And there walked a chubby guy,
long hair, Mexican-looking guy
up, just, like, nonchalant,
like, no big deal.
We were used to guys like
Don Drysdale who were 6'5", and ripped,
and looked like they had just walked off
A Mr. Universe competition.
And here was a guy that looked like he had
been in a beer-drinking competition.
[Gerardo] I'm sure there were people
in the stands saying, "Who is this guy?"
But Fernando pitched for Los Angeles
in the pennant race at age 19.
He went 2 and 0, with a 0.00,
ERA in 17 2/3 innings.
[fans cheering]
[commentator] There's a strike.
It's a strike.
That first game,
he was completely unhittable.
[commentator] Strike is called.
A good fastball.
And it wasn't that he had
unbelievable speed,
but there was so much movement
that no one quite knew where
the ball was gonna be and it would drop.
You know, he threw a screwball.
I mean, who threw a screwball other than,
like, Carl Hubbell Decades earlier
or Bugs Bunny?
[commentator] He struck him out.
The Dodgers score one run.
The Dodgers score a second run.
Now it gets interesting. You're thinking,
"The Dodgers, they're looking pretty good.

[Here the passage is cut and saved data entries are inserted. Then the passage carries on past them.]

(* Let $T$ be a non-star tree containing a vertex $x$ with $d(x)\ge 3$. Suppose that for every neighbor $y$ of $x$, the tree $T_{(y,x)}$ is isomorphic to $P_1$ or to $P_2$, and that at most one of these trees is isomorphic to $P_1$. Then there exists a $(T,x)$-well 2-placement.
   Context: All graphs are finite, simple and undirected; $P_k$ is the path on $k$ vertices. A non-star tree is a tree not isomorphic to a star $K_{1,m}$ for any $m\ge0$. For an edge $ab$ of a tree $T$, $T_{(a,b)}$ denotes the connected component containing $a$ in $T-\{ab\}$. A permutation $\sigma$ of $V(T)$ is a 2-placement of $T$ if $\sigma(a)\sigma(b)\notin E(T)$ for every edge $ab\in E(T)$; $\sigma(T)\subseteq T^k$ means $dist_T(\sigma(a),\sigma(b))\le k$ for every edge $ab$ of $T$. A fixed-point-free permutation $\sigma$ of $V(T)$ is a $(T,x)$-well 2-placement if (distances and degrees in $T$): (1) $\sigma$ is a 2-placement of $T$; (2) $\sigma(T)\subseteq T^6$; (3) $dist(x,\sigma(x))\le 2$; (4) $dist(w,\sigma(w))\le 3$ for every neighbor $w$ of $x$; (5) $dist(w,\sigma(w))\le 4$ for every $w$ of degree $1$; (6) every cycle of $\sigma$ (in its disjoint cycle decomposition) has length at most $5$. *)

theory Defs
  imports Main
begin

definition graph :: "'a set \<Rightarrow> ('a \<Rightarrow> 'a \<Rightarrow> bool) \<Rightarrow> bool" where
  "graph V E \<longleftrightarrow> finite V \<and> (\<forall>u v. E u v \<longrightarrow> u \<in> V \<and> v \<in> V \<and> u \<noteq> v \<and> E v u)"

definition connected_graph :: "'a set \<Rightarrow> ('a \<Rightarrow> 'a \<Rightarrow> bool) \<Rightarrow> bool" where
  "connected_graph V E \<longleftrightarrow> (\<forall>u\<in>V. \<forall>v\<in>V. E\<^sup>*\<^sup>* u v)"

definition acyclic_graph :: "('a \<Rightarrow> 'a \<Rightarrow> bool) \<Rightarrow> bool" where
  "acyclic_graph E \<longleftrightarrow> \<not> (\<exists>xs. length xs \<ge> 3 \<and> distinct xs \<and> successively E xs \<and> E (last xs) (hd xs))"

definition tree :: "'a set \<Rightarrow> ('a \<Rightarrow> 'a \<Rightarrow> bool) \<Rightarrow> bool" where
  "tree V E \<longleftrightarrow> graph V E \<and> V \<noteq> {} \<and> connected_graph V E \<and> acyclic_graph E"

definition degree :: "'a set \<Rightarrow> ('a \<Rightarrow> 'a \<Rightarrow> bool) \<Rightarrow> 'a \<Rightarrow> nat" where
  "degree V E x = card {w \<in> V. E x w}"

definition dist :: "('a \<Rightarrow> 'a \<Rightarrow> bool) \<Rightarrow> 'a \<Rightarrow> 'a \<Rightarrow> nat" where
  "dist E u v = (LEAST n. (E ^^ n) u v)"

definition graph_iso :: "'a set \<Rightarrow> ('a \<Rightarrow> 'a \<Rightarrow> bool) \<Rightarrow> 'b set \<Rightarrow> ('b \<Rightarrow> 'b \<Rightarrow> bool) \<Rightarrow> bool" where
  "graph_iso V1 E1 V2 E2 \<longleftrightarrow>
     (\<exists>f. bij_betw f V1 V2 \<and> (\<forall>u\<in>V1. \<forall>v\<in>V1. E1 u v \<longleftrightarrow> E2 (f u) (f v)))"

definition star_V :: "nat \<Rightarrow> nat set" where "star_V m = {0..m}"
definition star_E :: "nat \<Rightarrow> nat \<Rightarrow> nat \<Rightarrow> bool" where
  "star_E m i j \<longleftrightarrow> i \<le> m \<and> j \<le> m \<and> ((i = 0 \<and> j \<noteq> 0) \<or> (j = 0 \<and> i \<noteq> 0))"

definition path_V :: "nat \<Rightarrow> nat set" where "path_V k = {0..<k}"
definition path_E :: "nat \<Rightarrow> nat \<Rightarrow> nat \<Rightarrow> bool" where
  "path_E k i j \<longleftrightarrow> i < k \<and> j < k \<and> (i = j + 1 \<or> j = i + 1)"

definition non_star_tree :: "'a set \<Rightarrow> ('a \<Rightarrow> 'a \<Rightarrow> bool) \<Rightarrow> bool" where
  "non_star_tree V E \<longleftrightarrow> tree V E \<and> \<not> (\<exists>m. graph_iso V E (star_V m) (star_E m))"

definition del_edge :: "('a \<Rightarrow> 'a \<Rightarrow> bool) \<Rightarrow> 'a \<Rightarrow> 'a \<Rightarrow> 'a \<Rightarrow> 'a \<Rightarrow> bool" where
  "del_edge E a b u v \<longleftrightarrow> E u v \<and> \<not> ((u = a \<and> v = b) \<or> (u = b \<and> v = a))"

text \<open>Vertex set of T_(a,b): component of a in T - {ab}.\<close>
definition branch_V :: "'a set \<Rightarrow> ('a \<Rightarrow> 'a \<Rightarrow> bool) \<Rightarrow> 'a \<Rightarrow> 'a \<Rightarrow> 'a set" where
  "branch_V V E a b = {v \<in> V. (del_edge E a b)\<^sup>*\<^sup>* a v}"

definition branch_E :: "'a set \<Rightarrow> ('a \<Rightarrow> 'a \<Rightarrow> bool) \<Rightarrow> 'a \<Rightarrow> 'a \<Rightarrow> 'a \<Rightarrow> 'a \<Rightarrow> bool" where
  "branch_E V E a b u v \<longleftrightarrow> del_edge E a b u v \<and> u \<in> branch_V V E a b \<and> v \<in> branch_V V E a b"

definition two_placement :: "'a set \<Rightarrow> ('a \<Rightarrow> 'a \<Rightarrow> bool) \<Rightarrow> ('a \<Rightarrow> 'a) \<Rightarrow> bool" where
  "two_placement V E \<sigma> \<longleftrightarrow> bij_betw \<sigma> V V \<and> (\<forall>a b. E a b \<longrightarrow> \<not> E (\<sigma> a) (\<sigma> b))"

And this kid, how long can he keep going?"
[commentator] Valenzuela delivers.
Screwball. Got him swinging.
[Mark] So, he threw a whole game,
and he threw a shutout game
against the Astros.
[commentator] What a way to start.
Fernando Valenzuela, in his first
big-league start, pitches a shutout.
And a little child shall lead them.
I almost feel like a million dollar.
I am so happy. I got my cigar in my mouth.
I wave my cigar.
[Gerardo]
It was just the tip of the iceberg.
It was just a great Opening-Day victory.
And, yeah, they beat the Astros,
but absolutely nobody,
nobody knew what was around the corner.
Fernando got into baseball
not through the back door,
he knocked the front door.
He just opened it wide.
[man] His next few starts are on the road,
so it sort of becomes a road show.
San Francisco, you had to be there.
San Diego,
he's only gonna be there one day.
And because he kept winning
and winning and winning,
you also had this fascination of,
"How long can it go?"
You had a streak.
[Marl] April 22nd,
there was a game against the Astros,
and Fernando didn't just pitch a shutout,
he drove in the only run of the game.
He became
the most exciting pitcher to watch,
not just in Dodger Stadium,
but in baseball.
[Paul]
He just seemed so instinctive and playful,
and you couldn't help but get caught up
in the whole aura about him.
And then he had this
completely unusual windup.
[commentator] Watch his eyes.
Going one-on-one right there.
He took his eyes off the plate and seemed
to look to the heavens for guidance.
It's almost like God sent him here
and he was preordained.
[Mark] Those first four games
not only plant the seeds of Fernando Mania
around the country,
But it also builds anticipation
in Los Angeles.
[man] He's like a God,
because, you know what,
you've never seen a Mexican ballplayer
come out and play
and then pitching like this.
You know,
if it wasn't for Valenzuela right now,
the Dodgers
wouldn't be up there right now.
[Mark] Everybody in Los Angeles
is hyped up, and they're ready.
They all had April 27th
circled on their calendar.
[Estela] That was the moment
that can never be recaptured,
because when he arrived,
it was, like, this explosion.
[reporter] Fernando mania is not only
the biggest story in Los Angeles
but numero uno
in the entire baseball world.
Fernando's fans, some 55,000 strong,
the largest Dodger Stadium crowd
since 1974,
wore buttons in both English and Spanish.
[in Spanish]
[man] Valenzuela's legend
gets bigger with each game.
Valenzuela is great. I love him.
The Dodgers are number one.
All right! Whoo!
We want Valenzuela to keep it up
and keep pitching like he pitch,
and he is the greatest, like Muhammad Ali!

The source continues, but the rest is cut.